lemma std_gaussian_givens_annihilate:
  fixes I :: "'i set" and a :: "'i \<Rightarrow> real"
  assumes I: "finite I" "i0 \<in> I" "i1 \<in> I" "i0 \<noteq> i1"
  obtains R where "measure_preserving (std_gaussian I) R" "orthogonal_on I R" "R (restrict a I) i1 = 0"
proof -
  obtain c s where cs: "c\<^sup>2 + s\<^sup>2 = 1" "c \<noteq> -1" "- s * a i0 + c * a i1 = 0"
    using givens_coefficients_exist by blast
  show ?thesis
  proof
    show "measure_preserving (std_gaussian I) (givens_rotation I i0 i1 c s)"
      by (rule measure_preserving_std_gaussian_givens[OF I cs(1,2)])
    show "orthogonal_on I (givens_rotation I i0 i1 c s)"
      by (rule orthogonal_on_givens[OF I cs(1)])
    show "givens_rotation I i0 i1 c s (restrict a I) i1 = 0"
      using I cs by (simp add: givens_rotation_def)
  qed
qed

lemma std_gaussian_rotation_to_coordinate:
  fixes I :: "'i set" and a :: "'i \<Rightarrow> real"
  assumes "finite I" "i0 \<in> I" "(\<Sum>k\<in>I. (a k)\<^sup>2) = 1"
  shows "\<exists>Q. measure_preserving (std_gaussian I) Q \<and> orthogonal_on I Q
            \<and> (\<forall>x\<in>extensional I. Q x i0 = (\<Sum>k\<in>I. a k * x k))"
  using assms
proof (induction "card I" arbitrary: I a)
  case 0
  then show ?case by auto
next
  case (Suc n)
  show ?case
  proof (cases "I = {i0}")
    case True
    then have "\<bar>a i0\<bar> = 1" using Suc.prems(3) power2_eq_1_iff by fastforce
    then show ?thesis
      using std_gaussian_sign_flip[OF Suc.prems(1,2), of "a i0"] True by fastforce
  next
    case False
    obtain i1 where i1: "i1 \<in> I" "i1 \<noteq> i0" using Suc.prems(2) False by auto
    define I' where "I' = I - {i1}"
    have I': "finite I'" "i1 \<notin> I'" "I = insert i1 I'" "i0 \<in> I'" "n = card I'"
      using Suc.prems Suc.hyps(2) i1 by (auto simp: I'_def)
    obtain R where R: "measure_preserving (std_gaussian I) R" "orthogonal_on I R" "R (restrict a I) i1 = 0"
      using std_gaussian_givens_annihilate[OF Suc.prems(1,2) i1(1) i1(2)[symmetric]] by blast
    define a' where "a' = R (restrict a I)"
    have a'i1: "a' i1 = 0" using R(3) by (simp add: a'_def)
    have "(\<Sum>k\<in>I. (a' k)\<^sup>2) = 1"
      using orthogonal_on_norm[OF R(2), of "restrict a I"] Suc.prems(3) by (simp add: a'_def)
    then have "(\<Sum>k\<in>I'. (a' k)\<^sup>2) = 1"
      using a'i1 Suc.prems(1) i1 by (simp add: I'_def sum.remove)
    then obtain Q' where Q': "measure_preserving (std_gaussian I') Q'" "orthogonal_on I' Q'"
        "\<forall>x\<in>extensional I'. Q' x i0 = (\<Sum>k\<in>I'. a' k * x k)"
      using Suc.hyps(1)[OF I'(5) I'(1) I'(4)] by blast
    define Q where "Q = (\<lambda>x. extend_map I' i1 Q' (R x))"
    have "measure_preserving (std_gaussian I) (extend_map I' i1 Q')"
      using measure_preserving_std_gaussian_extend[OF I'(1,2) Q'(1)] I'(3) by simp
    then have "measure_preserving (std_gaussian I) Q"
      unfolding Q_def by (rule measure_preserving_comp[OF R(1)])
    moreover have "orthogonal_on I (extend_map I' i1 Q')"
      using orthogonal_on_extend[OF I'(1,2) Q'(2)] I'(3) by simp
    then have "orthogonal_on I Q"
      unfolding Q_def by (rule orthogonal_on_comp[OF R(2)])
    moreover have "Q x i0 = (\<Sum>k\<in>I. a k * x k)" if x: "x \<in> extensional I" for x
    proof -
      have "Q x i0 = Q' (restrict (R x) I') i0" using I' i1 by (simp add: Q_def extend_map_def)
      also have "\<dots> = (\<Sum>k\<in>I'. a' k * R x k)" using Q'(3) by simp
      also have "\<dots> = (\<Sum>k\<in>I. a' k * R x k)"
        using a'i1 Suc.prems(1) i1 by (simp add: I'_def sum.remove)
      also have "\<dots> = (\<Sum>k\<in>I. a k * x k)"
        using R(2) x unfolding orthogonal_on_def a'_def by simp
      finally show ?thesis .
    qed
    ultimately show ?thesis by blast
  qed
qed

lemma nn_integral_std_gaussian_split_row:
  fixes I :: "'i set" and J :: "'j set" and B :: "'j \<Rightarrow> 'i \<Rightarrow> real"
  assumes I: "finite I" "i0 \<in> I"
    and row: "B j0 i0 = 1" "\<And>i. i \<in> I - {i0} \<Longrightarrow> B j0 i = 0"
    and col: "\<And>j. j \<in> J \<Longrightarrow> j \<noteq> j0 \<Longrightarrow> B j i0 = 0"
    and g[measurable]: "g \<in> borel_measurable (PiM (insert j0 J) (\<lambda>_. borel))"
  shows "(\<integral>\<^sup>+u. g (\<lambda>j\<in>insert j0 J. \<Sum>i\<in>I. B j i * u i) \<partial>std_gaussian I)
       = (\<integral>\<^sup>+x. (\<integral>\<^sup>+y. g ((\<lambda>j\<in>J. \<Sum>i\<in>I - {i0}. B j i * x i)(j0 := y)) \<partial>std_normal)
              \<partial>std_gaussian (I - {i0}))"
proof -
  have "(\<integral>\<^sup>+u. g (\<lambda>j\<in>insert j0 J. \<Sum>i\<in>I. B j i * u i) \<partial>std_gaussian I)
      = (\<integral>\<^sup>+x. (\<integral>\<^sup>+y. g (\<lambda>j\<in>insert j0 J. \<Sum>i\<in>I. B j i * (x(i0 := y)) i) \<partial>std_normal)
              \<partial>std_gaussian (I - {i0}))"
    unfolding std_gaussian_def
    by (rule std_normal_product.product_nn_integral_remove[OF I]) (simp cong: measurable_cong_sets)
  also have "\<dots> = (\<integral>\<^sup>+x. (\<integral>\<^sup>+y. g ((\<lambda>j\<in>J. \<Sum>i\<in>I - {i0}. B j i * x i)(j0 := y)) \<partial>std_normal)
              \<partial>std_gaussian (I - {i0}))"
  proof (intro nn_integral_cong arg_cong[where f = g] ext)
    fix x :: "'i \<Rightarrow> real" and y :: real and j :: 'j
    have sum: "(\<Sum>i\<in>I. B j i * (if i = i0 then y else x i)) = B j i0 * y + (\<Sum>i\<in>I - {i0}. B j i * x i)"
      for j using I by (subst sum.remove[of I i0]) (auto intro!: sum.cong)
    have row0: "(\<Sum>i\<in>I - {i0}. B j0 i * x i) = 0"
      using row(2) by simp
    show "(\<lambda>j\<in>insert j0 J. \<Sum>i\<in>I. B j i * (x(i0 := y)) i) j = ((\<lambda>j\<in>J. \<Sum>i\<in>I - {i0}. B j i * x i)(j0 := y)) j"
      using row col row0
      by (cases "j = j0"; cases "j \<in> J") (simp_all add: sum)
  qed
  finally show ?thesis .
qed

lemma orthonormal_rows_drop_coordinate:
  fixes I :: "'i set" and B :: "'j \<Rightarrow> 'i \<Rightarrow> real"
  assumes I: "finite I" "i0 \<in> I" and j0: "j0 \<notin> J"
    and orth: "\<forall>j\<in>insert j0 J. \<forall>j'\<in>insert j0 J. (\<Sum>i\<in>I. B j i * B j' i) = (if j = j' then 1 else 0)"
    and col: "\<And>j. j \<in> insert j0 J \<Longrightarrow> B j i0 = (if j = j0 then 1 else 0)"
  shows "\<forall>i\<in>I - {i0}. B j0 i = 0"
    and "\<forall>j\<in>J. \<forall>j'\<in>J. (\<Sum>i\<in>I - {i0}. B j i * B j' i) = (if j = j' then 1 else 0)"
proof -
  have sum_remove: "(\<Sum>i\<in>I. B j i * B j' i) = B j i0 * B j' i0 + (\<Sum>i\<in>I - {i0}. B j i * B j' i)" for j j'
    using I by (simp add: sum.remove)
  have "(\<Sum>i\<in>I - {i0}. (B j0 i)\<^sup>2) = 0"
    using orth sum_remove[of j0 j0] col[of j0] by (simp add: power2_eq_square)
  then show "\<forall>i\<in>I - {i0}. B j0 i = 0"
    using I by (simp add: sum_nonneg_eq_0_iff)
  show "\<forall>j\<in>J. \<forall>j'\<in>J. (\<Sum>i\<in>I - {i0}. B j i * B j' i) = (if j = j' then 1 else 0)"
  proof (intro ballI)
    fix j j' assume j: "j \<in> J" "j' \<in> J"
    then have "B j i0 = 0" using col[of j] j0 by auto
    then show "(\<Sum>i\<in>I - {i0}. B j i * B j' i) = (if j = j' then 1 else 0)"
      using orth j sum_remove[of j j'] by simp
  qed
qed

lemma nn_integral_std_gaussian_orthonormal:
  fixes J :: "'j set" and I :: "'i set" and A :: "'j \<Rightarrow> 'i \<Rightarrow> real"
  assumes "finite J" "finite I"
    and "\<forall>j\<in>J. \<forall>j'\<in>J. (\<Sum>i\<in>I. A j i * A j' i) = (if j = j' then 1 else 0)"
    and "g \<in> borel_measurable (PiM J (\<lambda>_. borel))"
  shows "(\<integral>\<^sup>+z. g (\<lambda>j\<in>J. \<Sum>i\<in>I. A j i * z i) \<partial>std_gaussian I) = (\<integral>\<^sup>+w. g w \<partial>std_gaussian J)"
  using assms
proof (induction J arbitrary: I A g rule: finite_induct)
  case empty
  interpret prob_space "std_gaussian I" by (rule prob_space_std_gaussian)
  show ?case
    unfolding std_gaussian_def[of "{}"]
    by (simp add: emeasure_space_1 PiM_empty nn_integral_count_space_finite)
next
  case (insert j0 J)
  note orth = insert.prems(2)
  note g[measurable] = insert.prems(3)
  have n1: "(\<Sum>i\<in>I. (A j0 i)\<^sup>2) = 1" using orth by (simp add: power2_eq_square)
  then have "I \<noteq> {}" by auto
  then obtain i0 where i0: "i0 \<in> I" by blast
  obtain Q where Q: "measure_preserving (std_gaussian I) Q" "orthogonal_on I Q"
      "\<forall>x\<in>extensional I. Q x i0 = (\<Sum>k\<in>I. A j0 k * x k)"
    using std_gaussian_rotation_to_coordinate[OF insert.prems(1) i0 n1] by blast
  define B where "B = (\<lambda>j. Q (restrict (A j) I))"
  have AB: "(\<Sum>i\<in>I. A j i * z i) = (\<Sum>i\<in>I. B j i * Q z i)" if "z \<in> extensional I" for j z
    using Q(2) that unfolding orthogonal_on_def B_def by simp
  have BB: "(\<Sum>i\<in>I. B j i * B j' i) = (\<Sum>i\<in>I. A j i * A j' i)" for j j'
    using Q(2) unfolding orthogonal_on_def B_def by simp
  have B_i0: "B j i0 = (if j = j0 then 1 else 0)" if "j \<in> insert j0 J" for j
    using Q(3) orth that by (auto simp: B_def mult.commute)
  have orthB: "\<forall>j\<in>insert j0 J. \<forall>j'\<in>insert j0 J. (\<Sum>i\<in>I. B j i * B j' i) = (if j = j' then 1 else 0)"
    using orth by (simp add: BB)
  note B_rest = orthonormal_rows_drop_coordinate[OF insert.prems(1) i0 insert.hyps(2) orthB B_i0]
  define h where "h = (\<lambda>w. \<integral>\<^sup>+y. g (w(j0 := y)) \<partial>std_normal)"
  have hm: "h \<in> borel_measurable (PiM J (\<lambda>_. borel))"
    unfolding h_def using prob_space_std_normal
    by (intro borel_measurable_nn_integral_update g) (simp_all add: prob_space_imp_sigma_finite)
  have "(\<integral>\<^sup>+z. g (\<lambda>j\<in>insert j0 J. \<Sum>i\<in>I. A j i * z i) \<partial>std_gaussian I)
      = (\<integral>\<^sup>+z. g (\<lambda>j\<in>insert j0 J. \<Sum>i\<in>I. B j i * Q z i) \<partial>std_gaussian I)"
    by (intro nn_integral_cong) (simp add: AB space_std_gaussian)
  also have "\<dots> = (\<integral>\<^sup>+u. g (\<lambda>j\<in>insert j0 J. \<Sum>i\<in>I. B j i * u i) \<partial>std_gaussian I)"
    by (rule measure_preserving_nn_integral[OF Q(1)]) measurable
  also have "\<dots> = (\<integral>\<^sup>+x. h (\<lambda>j\<in>J. \<Sum>i\<in>I - {i0}. B j i * x i) \<partial>std_gaussian (I - {i0}))"
    unfolding h_def using B_i0 B_rest(1) insert.hyps(2)
    by (intro nn_integral_std_gaussian_split_row[OF insert.prems(1) i0]) auto
  also have "\<dots> = (\<integral>\<^sup>+w. h w \<partial>std_gaussian J)"
    using insert.prems(1) B_rest(2) hm by (intro insert.IH) auto
  also have "\<dots> = (\<integral>\<^sup>+w. g w \<partial>std_gaussian (insert j0 J))"
    unfolding std_gaussian_def h_def
    by (rule std_normal_product.product_nn_integral_insert[OF insert.hyps, symmetric])
      (simp cong: measurable_cong_sets)
  finally show ?case .
qed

# [The problem]
Copy task for the entries above: every line with the string "noteq".

# [Completed exercise]
  assumes I: "finite I" "i0 \<in> I" "i1 \<in> I" "i0 \<noteq> i1"
  obtain c s where cs: "c\<^sup>2 + s\<^sup>2 = 1" "c \<noteq> -1" "- s * a i0 + c * a i1 = 0"
    obtain i1 where i1: "i1 \<in> I" "i1 \<noteq> i0" using Suc.prems(2) False by auto
    and col: "\<And>j. j \<in> J \<Longrightarrow> j \<noteq> j0 \<Longrightarrow> B j i0 = 0"
  then have "I \<noteq> {}" by auto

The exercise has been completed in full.